Continue to work with Classes, Arrays, and 2D arrays. FYI, you may need to make a directory /tmp under notebook images.

  1. Look at comments above and see if there is better conversions for ASCII to reduce elongation and distortion.
  2. Try to convert images into Grey Scale, Red Scale, Blue Scale, and Green Scale.

Additional Image Code

Runtime using Thymeleaf

Personal Hacks

For these hacks, I'll be making the red-scale, green-scale, blue-scale, and gray-scale conversions first, and then I'll fix the compression issue.

I also decided to use an abstract class just for some extra efficiency and practice with it.

Just for reference, I'll be using this photo:

Nick and Rohan

Template

It's annoying to have to write the same code to construct each image and get their properties, so I just decided to write that all here.

Some of the code is copied from above; I took the constructor, setStats(), and resize(). Those functions are pretty optimized already, so trying to remake them is pointless.
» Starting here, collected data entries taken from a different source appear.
(* For all Maya diagrams $\sigma,\sigma'$, \[ \langle\sigma',A^{-1}(x;t)\sigma\rangle=\sum_{h}\prod_{i\in\mathbb{Z}}\Omega(h_{i-1},\sigma_i,h_i,\sigma'_i), \] where the sum runs over all row configurations $h$ from $\sigma$ to $\sigma'$ and the vertex weights are $\omega_1=\omega_3=\omega_5=1$, $\omega_2=-tx$, $\omega_4=x$, $\omega_6=(1-t)x$.
   Context: Maya diagrams are maps $\sigma:\mathbb{Z}\to\{0,1\}$ with $\sigma_i=1$ for $i\ll0$ and $\sigma_i=0$ for $i\gg0$. $\mathcal{F}(t)$ is the $\mathbb{C}(t)$-space with basis the Maya diagrams, with the bilinear form $\langle\cdot,\cdot\rangle$ making them orthonormal. Operators: $\psi^+_i(t)\sigma=(\sigma+\epsilon_i)\prod_{j>i}(-t)^{\sigma_j}$ if $\sigma_i=0$, else $0$; $\psi^-_i(t)\sigma=(\sigma-\epsilon_i)\prod_{j>i}(-t)^{-\sigma_j}$ if $\sigma_i=1$, else $0$; $E_{ij}(t)=(1-t)\psi_i^-(t)\psi_j^+(t)$; $A(x;t)=1+\sum_{r>0}\sum_{i_1<j_1<\cdots<i_r<j_r}(xt)^{j_1-i_1+\cdots+j_r-i_r}E_{i_1j_1}(t)\cdots E_{i_rj_r}(t)$, and $A^{-1}(x;t)$ is its inverse as a formal power series in $x$ with coefficients in $\operatorname{End}\mathcal{F}(t)$. Six-vertex row configurations: the allowed vertices (W,N,E,S) and weights are $\Omega(0,0,0,0)=\omega_1$, $\Omega(1,1,1,1)=\omega_2$, $\Omega(0,1,0,1)=\omega_3$, $\Omega(1,0,1,0)=\omega_4$, $\Omega(1,0,0,1)=\omega_5$, $\Omega(0,1,1,0)=\omega_6$, all other tuples having weight $0$. A row configuration from $\sigma$ (top) to $\sigma'$ (bottom) is $h:\mathbb{Z}\to\{0,1\}$ with $h_i=0$ for $|i|$ large and $(h_{i-1},\sigma_i,h_i,\sigma'_i)$ allowed for every $i$. *)

theory Defs
  imports "HOL-Library.Groups_Big_Fun"
          "HOL-Computational_Algebra.Formal_Power_Series"
          "HOL-Computational_Algebra.Fraction_Field"
          "HOL-Computational_Algebra.Polynomial"
begin

text \<open>Maya diagrams: maps Z -> {0,1}, encoded as int => bool (True = 1),
  equal to 1 far to the left and to 0 far to the right.\<close>
definition is_maya :: "(int \<Rightarrow> bool) \<Rightarrow> bool" where
  "is_maya \<sigma> \<longleftrightarrow> (\<exists>N::int. \<forall>i. (i \<le> - N \<longrightarrow> \<sigma> i) \<and> (N \<le> i \<longrightarrow> \<not> \<sigma> i))"

text \<open>Vectors: coefficient functions on Maya diagrams (the coordinate at tau is
  the pairing with the basis vector tau). Basis vector of a diagram:\<close>
definition basis_vec :: "(int \<Rightarrow> bool) \<Rightarrow> (int \<Rightarrow> bool) \<Rightarrow> 'a::zero_neq_one" where
  "basis_vec \<sigma> = (\<lambda>\<tau>. if \<tau> = \<sigma> then 1 else 0)"

text \<open>Fermionic operators, as linear extensions of their action on the basis:
  the coefficient of tau in psi v is read off from the unique preimage of tau.
  For a Maya diagram the product over j>i of (-t)^(sigma_j) is (-t)^(number of
  j > i with sigma_j = 1).\<close>
definition psi_plus :: "'a::field \<Rightarrow> int \<Rightarrow> ((int \<Rightarrow> bool) \<Rightarrow> 'a) \<Rightarrow> ((int \<Rightarrow> bool) \<Rightarrow> 'a)" where
  "psi_plus t i v = (\<lambda>\<tau>. if \<tau> i then (- t) ^ card {j. i < j \<and> \<tau> j} * v (\<tau>(i := False)) else 0)"
lemma calm_on_linear_combination_uniform:
  assumes "calm_on \<rho> S x0 f" "calm_on \<rho> S x0 g" "calm_on \<rho> S x0 h" "\<forall>x\<in>S. 0 \<le> \<rho> x"
  shows "\<exists>C>0. \<forall>x\<in>S. \<forall>s t. \<bar>s\<bar> \<le> T \<and> \<bar>t\<bar> \<le> T \<longrightarrow>
           \<bar>(f x + s * g x + t * h x) - (f x0 + s * g x0 + t * h x0)\<bar> \<le> C * \<rho> x"
proof -
  obtain Cf Cg Ch where Cf: "Cf \<ge> 0" "\<And>x. x \<in> S \<Longrightarrow> \<bar>f x - f x0\<bar> \<le> Cf * \<rho> x"
    and Cg: "Cg \<ge> 0" "\<And>x. x \<in> S \<Longrightarrow> \<bar>g x - g x0\<bar> \<le> Cg * \<rho> x"
    and Ch: "Ch \<ge> 0" "\<And>x. x \<in> S \<Longrightarrow> \<bar>h x - h x0\<bar> \<le> Ch * \<rho> x"
    using assms(1-3) by (metis calm_onE)
  define C where "C = Cf + \<bar>T\<bar> * (Cg + Ch) + 1"
  have "\<bar>(f x + s * g x + t * h x) - (f x0 + s * g x0 + t * h x0)\<bar> \<le> C * \<rho> x"
    if x: "x \<in> S" and st: "\<bar>s\<bar> \<le> T" "\<bar>t\<bar> \<le> T" for x s t
  proof -
    have "(f x + s * g x + t * h x) - (f x0 + s * g x0 + t * h x0)
          = (f x - f x0) + s * (g x - g x0) + t * (h x - h x0)"
      by (simp add: algebra_simps)
    then have "\<bar>(f x + s * g x + t * h x) - (f x0 + s * g x0 + t * h x0)\<bar>
               \<le> \<bar>f x - f x0\<bar> + \<bar>s\<bar> * \<bar>g x - g x0\<bar> + \<bar>t\<bar> * \<bar>h x - h x0\<bar>"
      by (simp add: abs_mult[symmetric] abs_triangle_ineq order_trans[OF abs_triangle_ineq add_right_mono])
    also have "\<dots> \<le> Cf * \<rho> x + \<bar>T\<bar> * (Cg * \<rho> x) + \<bar>T\<bar> * (Ch * \<rho> x)"
      using Cf Cg Ch x st by (intro add_mono mult_mono) auto
    also have "\<dots> \<le> C * \<rho> x"
      using assms(4) x by (simp add: C_def algebra_simps)
    finally show ?thesis .
  qed
  moreover have "C > 0"
    using Cf Cg Ch by (simp add: C_def add_nonneg_pos)
  ultimately show ?thesis by blast
qed

text \<open>The ratio \<open>q e / q 0\<close> lies between \<open>exp (- L \<bar>e\<bar>)\<close> and \<open>exp (L \<bar>e\<bar>)\<close>; stated
  multiplicatively so that \<open>q 0 = 0\<close> is not excluded.\<close>
definition ratio_bounded :: "real \<Rightarrow> (real \<Rightarrow> real) \<Rightarrow> bool" where
  "ratio_bounded L q \<longleftrightarrow>
     (\<forall>e. exp (- (\<bar>e\<bar> * L)) * q 0 \<le> q e \<and> q e \<le> exp (\<bar>e\<bar> * L) * q 0)"

lemma ratio_bounded_exp:
  assumes "0 \<le> c" "\<bar>w\<bar> \<le> L"
  shows "ratio_bounded L (\<lambda>e. c * exp (e * w))"
  unfolding ratio_bounded_def
proof (intro allI conjI)
  fix e :: real
  have "\<bar>e * w\<bar> \<le> \<bar>e\<bar> * L"
    using assms(2) by (simp add: abs_mult mult_left_mono)
  then have "exp (- (\<bar>e\<bar> * L)) \<le> exp (e * w)" "exp (e * w) \<le> exp (\<bar>e\<bar> * L)"
    by (simp_all add: abs_le_iff)
  then show "exp (- (\<bar>e\<bar> * L)) * (c * exp (0 * w)) \<le> c * exp (e * w)"
    and "c * exp (e * w) \<le> exp (\<bar>e\<bar> * L) * (c * exp (0 * w))"
    using assms(1) by (simp_all add: mult_left_mono mult.commute)
qed

lemma ratio_bounded_mult_left:
  assumes "ratio_bounded L q" "0 \<le> c"
  shows "ratio_bounded L (\<lambda>e. c * q e)"
  using assms unfolding ratio_bounded_def by (auto simp: mult.left_commute intro!: mult_left_mono)

lemma ratio_bounded_mult_right:
  assumes "ratio_bounded L q" "0 \<le> c"
  shows "ratio_bounded L (\<lambda>e. q e * c)"
  using ratio_bounded_mult_left[OF assms] by (simp add: mult.commute)

lemma ratio_bounded_integral:
  fixes f :: "real \<Rightarrow> 'n::euclidean_space \<Rightarrow> real"
  assumes "\<And>e. f e integrable_on S" "\<And>s. s \<in> S \<Longrightarrow> ratio_bounded L (\<lambda>e. f e s)"
  shows "ratio_bounded L (\<lambda>e. integral S (f e))"
  unfolding ratio_bounded_def
proof (intro allI conjI)
  fix e :: real
  have "integral S (\<lambda>s. exp (- (\<bar>e\<bar> * L)) * f 0 s) \<le> integral S (f e)"
    using assms unfolding ratio_bounded_def by (intro integral_le integrable_on_cmult_left) auto
  then show "exp (- (\<bar>e\<bar> * L)) * integral S (f 0) \<le> integral S (f e)"
    by simp
  have "integral S (f e) \<le> integral S (\<lambda>s. exp (\<bar>e\<bar> * L) * f 0 s)"
    using assms unfolding ratio_bounded_def by (intro integral_le integrable_on_cmult_left) auto
  then show "integral S (f e) \<le> exp (\<bar>e\<bar> * L) * integral S (f 0)"
    by simp
qed

lemma ratio_bounded_nonneg:
  assumes "ratio_bounded L q" "0 < L"
  shows "0 \<le> q 0"
proof -
  have "exp (- L) * q 0 \<le> q 1" "q 1 \<le> exp L * q 0"
    using assms(1) unfolding ratio_bounded_def by (metis abs_one mult_1)+
  then have "0 \<le> (exp L - exp (- L)) * q 0"
    by (simp add: left_diff_distrib)
  moreover have "exp (- L) < exp L"
    using assms(2) by simp
  ultimately show ?thesis
    by (simp add: zero_le_mult_iff)
qed

lemma exp_minus_one_le: "exp x - 1 \<le> x * exp (x::real)"
proof -
  have "(1 - x) * exp x \<le> exp (- x) * exp x"
    using exp_ge_add_one_self[of "- x"] by (intro mult_right_mono) auto
  then show ?thesis
    by (simp add: exp_minus field_simps)
qed

lemma ratio_bounded_calm_on:
  assumes "ratio_bounded L q" "0 < L"
  shows "calm_on abs {-\<delta>..\<delta>} 0 q"
proof (rule calm_onI)
  have q0: "0 \<le> q 0"
    using assms by (rule ratio_bounded_nonneg)
  then show "0 \<le> L * exp (\<delta> * L) * q 0"
    using assms(2) by simp
  fix e assume "e \<in> {-\<delta>..\<delta>}"
  then have c: "0 \<le> \<bar>e\<bar> * L" "\<bar>e\<bar> * L \<le> \<delta> * L"
    using assms(2) by (auto intro: mult_right_mono)
  have "q e - q 0 \<le> (exp (\<bar>e\<bar> * L) - 1) * q 0"
    using assms(1) unfolding ratio_bounded_def by (simp add: algebra_simps)
  also have "\<dots> \<le> (\<bar>e\<bar> * L * exp (\<bar>e\<bar> * L)) * q 0"
    using q0 by (intro mult_right_mono exp_minus_one_le)
  also have "\<dots> \<le> (\<bar>e\<bar> * L * exp (\<delta> * L)) * q 0"
    using q0 c by (intro mult_right_mono mult_left_mono) auto
  finally have upper: "q e - q 0 \<le> \<bar>e\<bar> * L * exp (\<delta> * L) * q 0" .
  have "q 0 - q e \<le> (1 - exp (- (\<bar>e\<bar> * L))) * q 0"
    using assms(1) unfolding ratio_bounded_def by (simp add: algebra_simps)
  also have "\<dots> \<le> (\<bar>e\<bar> * L) * q 0"
    using q0 exp_ge_add_one_self[of "- (\<bar>e\<bar> * L)"] by (intro mult_right_mono) auto
  also have "\<dots> \<le> (\<bar>e\<bar> * L * exp (\<delta> * L)) * q 0"
    using q0 c mult_left_mono[of 1 "exp (\<delta> * L)" "\<bar>e\<bar> * L"] by (intro mult_right_mono) auto
  finally have lower: "q 0 - q e \<le> \<bar>e\<bar> * L * exp (\<delta> * L) * q 0" .
  from upper lower show "\<bar>q e - q 0\<bar> \<le> L * exp (\<delta> * L) * q 0 * \<bar>e\<bar>"
    by (simp add: abs_le_iff mult_ac)
qed

lemma ratio_bounded_away_from_zero:
  assumes "ratio_bounded L q" "0 < L" "q 0 \<noteq> 0"
  shows "bounded_away_from_zero {-\<delta>..\<delta>} q"
  unfolding bounded_away_from_zero_def
proof (intro exI conjI ballI)
  have q0: "0 < q 0"
    using ratio_bounded_nonneg[OF assms(1,2)] assms(3) by simp
  then show "0 < exp (- (\<delta> * L)) * q 0"
    by simp
  fix e assume "e \<in> {-\<delta>..\<delta>}"
  then have "exp (- (\<delta> * L)) \<le> exp (- (\<bar>e\<bar> * L))"
    using assms(2) by (auto intro: mult_right_mono)
  then have "exp (- (\<delta> * L)) * q 0 \<le> exp (- (\<bar>e\<bar> * L)) * q 0"
    using q0 by (simp add: mult_right_mono)
  also have "\<dots> \<le> q e"
    using assms(1) unfolding ratio_bounded_def by blast
  finally show "exp (- (\<delta> * L)) * q 0 \<le> \<bar>q e\<bar>"
    by simp
qed

lemma exp_neg_integral_shift:
  fixes mu :: "real \<Rightarrow> real"
  assumes "continuous_on {lo..hi} mu" "lo \<le> hi"
  shows "exp (- integral {lo..hi} (\<lambda>s. (z - e) + mu s))
         = exp (- integral {lo..hi} (\<lambda>s. z + mu s)) * exp (e * (hi - lo))"
proof -
  have "(\<lambda>s. z + mu s) integrable_on {lo..hi}"
    by (intro integrable_continuous_interval continuous_intros assms(1))
  then have "integral {lo..hi} (\<lambda>s. (z + mu s) - e) = integral {lo..hi} (\<lambda>s. z + mu s) - e * (hi - lo)"
    using assms(2) by (subst integral_diff) (auto simp: mult.commute)
  then show ?thesis
    by (simp add: algebra_simps flip: exp_add)
qed

lemma ratio_bounded_exp_neg_integral:
  fixes mu :: "real \<Rightarrow> real"
  assumes "continuous_on {lo..hi} mu" "lo \<le> hi" "hi - lo \<le> L"
  shows "ratio_bounded L (\<lambda>e. exp (- integral {lo..hi} (\<lambda>s. (z - e) + mu s)))"
  unfolding exp_neg_integral_shift[OF assms(1,2)]
  using assms(2,3) by (intro ratio_bounded_exp) auto

lemma surv_pos: "0 < surv mu z a"
  by (simp add: surv_def)

lemma continuous_on_surv:
  assumes "continuous_on {0..A} mu"
  shows "continuous_on {0..A} (surv mu z)"
  unfolding surv_def
  by (intro continuous_intros indefinite_integral_continuous_1 integrable_continuous_interval assms)

lemma continuous_on_G_pi:
  assumes "continuous_on {0..A} k" "continuous_on {0..A} mu"
  shows "continuous_on {0..A} (G_pi A k mu z)"
proof -
  define M where "M x = integral {0..x} (\<lambda>l. z + mu l)" for x
  have int: "(\<lambda>l. z + mu l) integrable_on {0..A}"
    by (intro integrable_continuous_interval continuous_intros assms(2))
  have M: "continuous_on {0..A} M"
    unfolding M_def by (rule indefinite_integral_continuous_1[OF int])
  define h where "h s = k s * exp (- M s)" for s
  have h: "h integrable_on {0..A}"
    unfolding h_def by (intro integrable_continuous_interval continuous_intros M assms(1))
  have G_pi_eq: "G_pi A k mu z a = exp (M a) * integral {a..A} h" if a: "a \<in> {0..A}" for a
  proof -
    have combine: "integral {a..s} (\<lambda>l. z + mu l) = M s - M a" if s: "s \<in> {a..A}" for s
    proof -
      have "(\<lambda>l. z + mu l) integrable_on {0..s}"
        using s by (intro integrable_on_subinterval[OF int]) auto
      then have "integral {0..a} (\<lambda>l. z + mu l) + integral {a..s} (\<lambda>l. z + mu l) = M s"
        unfolding M_def using a s by (intro Henstock_Kurzweil_Integration.integral_combine) auto
      then show ?thesis
        unfolding M_def by linarith
    qed
    have "G_pi A k mu z a = integral {a..A} (\<lambda>s. exp (M a) * h s)"
      unfolding G_pi_def h_def
      by (intro integral_cong) (simp add: combine exp_diff exp_minus field_simps)
    then show ?thesis
      by simp
  qed
  have "continuous_on {0..A} (\<lambda>a. exp (M a) * integral {a..A} h)"
    by (intro continuous_intros M indefinite_integral_continuous_1' h)
  then show ?thesis
    by (rule continuous_on_eq) (simp add: G_pi_eq)
qed

lemma ratio_bounded_surv:
  fixes mu :: "real \<Rightarrow> real"
  assumes "continuous_on {0..A} mu" "a \<in> {0..A}"
  shows "ratio_bounded A (\<lambda>e. surv mu (z - e) a)"
  unfolding surv_def
  using assms by (intro ratio_bounded_exp_neg_integral) (auto intro: continuous_on_subset)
What I do need to optimize with completelly new code is the color scaling and ASCII conversions, which will be later.

import java.awt.Color;
import java.awt.image.BufferedImage;
import java.awt.Image;
import java.awt.Graphics2D;

import java.io.File;
import java.io.FileWriter;
import java.io.IOException;
import java.io.PrintWriter;
import java.nio.file.Files;
import java.nio.file.Path;
import java.nio.file.Paths;

import javax.imageio.stream.ImageOutputStream;
import javax.imageio.stream.ImageInputStream;
import javax.imageio.metadata.IIOMetadata;
import javax.imageio.IIOImage;
import javax.imageio.ImageIO;
import javax.imageio.ImageWriteParam;
import javax.imageio.ImageWriter;
import javax.imageio.ImageReader;
import javax.imageio.ImageTypeSpecifier;

abstract class ImageBlueprint {
    protected final String inDir = "images/"; // location of images
    protected final String outDir = "images/tmp/";  // location of created files
    protected String inFile;
    protected String resizedFile;
    protected String colorFile;
    protected String ext;   // extension of file
    protected long bytes;
    protected int width;
    protected int height;

    // get attributes of picture
    public ImageBlueprint(String name, String ext) {
        this.ext = ext;
        this.inFile = this.inDir + name + "." + ext;
        this.resizedFile = this.outDir + name + "." + ext;
        this.colorFile = this.outDir + name + "New" + ".png";
        this.setStats();
    }

    public ImageBlueprint(String image) {
        this(image, "png");
    }
   
    // An image contains metadata, namely size, width, and height
    public void setStats() {
        BufferedImage img;
        try {
            Path path = Paths.get(this.inFile);
            this.bytes = Files.size(path);
            img = ImageIO.read(new File(this.inFile));
            this.width = img.getWidth();
            this.height = img.getHeight();
        } catch (IOException e) {
        }
    }

    // Scale or reduce to "scale" percentage provided
    public void resize(int scale) {
        BufferedImage img = null;
        Image resizedImg = null;  

        int width = (int) (this.width * (scale/100.0) + 0.5);
        int height = (int) (this.height * (scale/100.0) + 0.5);

        try {
            // read an image to BufferedImage for processing
            img = ImageIO.read(new File(this.inFile));  // set buffer of image data
            // create a new BufferedImage for drawing
            resizedImg = img.getScaledInstance(width, height, Image.SCALE_SMOOTH);
        } catch (IOException e) {
            return;
        }


        //ImageIO.write(convertToBufferedImage(resizedImg), this.ext, new File(resizedFile));

        
        this.inFile = this.resizedFile;  // use scaled file vs original file in Class
        this.setStats();
    }
    
    // Will be used later
    protected abstract void conversion(); 
}

Seeing Red... Green... Blue... and Gray

Now that I've written the template, it's actually pretty easy to scale everything to a certain color.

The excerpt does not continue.